Regional health care provider Wellmont Health Systems has been named in the latest lawsuit filed by the left-behind pieces of financial services firm Lehman Brothers in an attempt to recover a portion of its soured portfolio.
After suffering the largest bankruptcy filing in U.S. history in the wake of devastating losses from the subprime mortgage crisis, Lehman Brothers Holdings Inc. sued Wellmont last week in U.S. Bankruptcy Court in New York, claiming the company cashed in bonds early to avoid a $12.8 million payment on a “total-return” swap transaction.
Under a total return swap, a company retains ownership of bonds while receiving set payments from an investing firm, which in return receives payments from the bonds’ owner from the increase in value of the bonds.

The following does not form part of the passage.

(* Assume (A1)–(A4) hold and that the aggregator satisfies the robustness property (R) at every iteration. Let $$A=\frac{48BL^2c\delta}{p}+\frac{6(1-p)}{p}\Big(\frac{4c\delta}{p}+\frac{1}{2G}\Big)\Big(\omega L^2+\frac{(1+\omega)\mathcal L_\pm^2}{b}\Big)+\frac{6(1-p)}{p}\Big(\frac{4c\delta(1+\omega)}{p}+\frac{\omega}{2G}\Big)L_\pm^2,$$ and suppose $0<\gamma\le \frac{1}{L+\sqrt A}$ and $48cB\delta<p$. Then for every $K\ge 0$, if $\widehat x^K$ is chosen uniformly at random from $\{x^0,x^1,\dots,x^K\}$ (the iterates of Byz-VR-MARINA), $$\mathbb E\big[\|\nabla f(\widehat x^K)\|^2\big]\le \frac{2\,\mathbb E[\Phi_0]}{\gamma\big(1-\frac{48Bc\delta}{p}\big)(K+1)}+\frac{24c\delta\zeta^2}{p-48Bc\delta},$$ where $\Phi_0=f(x^0)-f_*+\frac{\gamma}{p}\|g^0-\nabla f(x^0)\|^2$. (In particular, for $B=0$: $\mathbb E\|\nabla f(\widehat x^K)\|^2\le \frac{2\mathbb E[\Phi_0]}{\gamma(K+1)}+\frac{24c\delta\zeta^2}{p}$.)
   Context: Setting. There are $n$ workers indexed by $[n]=\mathcal G\sqcup\mathcal B$: $\mathcal G$ is the set of good workers, $G=|\mathcal G|\ge2$, and $\mathcal B$ is the set of Byzantine workers with $|\mathcal B|\le\delta n$, $0\le\delta<1/2$. For $i\in\mathcal G$, $f_i(x)=\frac1m\sum_{j=1}^m f_{i,j}(x)$ with differentiable $f_{i,j}:\mathbb R^d\to\mathbb R$, and $f=\frac1G\sum_{i\in\mathcal G}f_i$. All expectations $\mathbb E$ are full expectations. (A1) $f$ is $L$-smooth ($\|\nabla f(x)-\nabla f(y)\|\le L\|x-y\|$ for all $x,y$) and $f_*=\inf_x f(x)>-\infty$. (A2) ($(B,\zeta^2)$-heterogeneity) For some $B,\zeta\ge0$: $\frac1G\sum_{i\in\mathcal G}\|\nabla f_i(x)-\nabla f(x)\|^2\le B\|\nabla f(x)\|^2+\zeta^2$ for all $x$. (A3) (global Hessian variance) For some $L_\pm\ge0$: $\frac1G\sum_{i\in\mathcal G}\|\nabla f_i(x)-\nabla f_i(y)\|^2-\|\nabla f(x)-\nabla f(y)\|^2\le L_\pm^2\|x-y\|^2$ for all $x,y$. (A4) (local Hessian variance) There is a batch size $b\ge1$ and, for each $i\in\mathcal G$ and $x,y$, a random vector $\widehat\Delta_i(x,y)$ with $\mathbb E[\widehat\Delta_i(x,y)]=\Delta_i(x,y):=\nabla f_i(x)-\nabla f_i(y)$ and $\frac1G\sum_{i\in\mathcal G}\mathbb E\|\widehat\Delta_i(x,y)-\Delta_i(x,y)\|^2\le\frac{\mathcal L_\pm^2}{b}\|x-y\|^2$ for some $\mathcal L_\pm\ge0$. Compressor: $\mathcal Q:\mathbb R^d\to\mathbb R^d$ is a stochastic map with $\mathbb E[\mathcal Q(x)]=x$ and $\mathbb E\|\mathcal Q(x)-x\|^2\le\omega\|x\|^2$ for all $x$, for some $\omega\ge0$. Algorithm Byz-VR-MARINA with stepsize $\gamma>0$, probability $p\in(0,1]$, start $x^0$, and initial vector $g^0\in\mathbb R^d$ (possibly random). For $k=0,1,2,\dots$: draw $c_k\sim\mathrm{Bernoulli}(p)$ independently of everything else; set $x^{k+1}=x^k-\gamma g^k$; each good worker $i\in\mathcal G$ sets $g_i^{k+1}=\nabla f_i(x^{k+1})$ if $c_k=1$ and $g_i^{k+1}=g^k+\mathcal Q(\widehat\Delta_i(x^{k+1},x^k))$ if $c_k=0$, where, conditionally on the past and on $c_k$, the estimators $\widehat\Delta_i$ and the compressions are sampled freshly and independently across $i\in\mathcal G$ (the compression being applied with fresh randomness to its input); each Byzantine worker $i\in\mathcal B$ sends an arbitrary vector $g_i^{k+1}$ (which may depend on everything); finally $g^{k+1}=\mathrm{ARAgg}(g_1^{k+1},\dots,g_n^{k+1})$. Robustness property (R) of the aggregator, with constant $c>0$: for every $k\ge0$, $\mathbb E\|g^{k+1}-\bar g^{k+1}\|^2\le\frac{c\delta}{G(G-1)}\sum_{i,l\in\mathcal G}\mathbb E\|g_i^{k+1}-g_l^{k+1}\|^2$, where $\bar g^{k+1}=\frac1G\sum_{i\in\mathcal G}g_i^{k+1}$. *)

theory Defs
  imports "HOL-Probability.Probability"
begin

In filing the lawsuit, Lehman Brothers claims Wellmont sold the bonds prematurely, and still owes the set payment to the company. The company seeks $21 million in damages in the filing.
In trying to recoup some of its losses after the public controversy and subsequent bankruptcy, Lehman Brothers has filed numerous similar lawsuits against its former investors.
In the suits, Lehman claims many of its investors took advantage of its bankruptcy to the detriment of its creditors.
In an emailed statement, Wellmont spokesman Jim Wozniak said the lawsuit had no real basis.
“The Lehman Brothers bankruptcy in 2008 was the leading edge of a global financial crisis,” the statement read. “Before declaring bankruptcy, Lehman was the fourth-largest investment bank in the United States, serving thousands of investors and not-for-profit organizations. Those investors and not-for-profit organizations have had to deal with the aftermath of Lehman’s failure. Along with hundreds of other organizations, Wellmont disagrees with the basis of Lehman’s claims.”
Lehman Brothers exited bankruptcy in March 2012, but many of its creditors still seek billions of dollars in claims.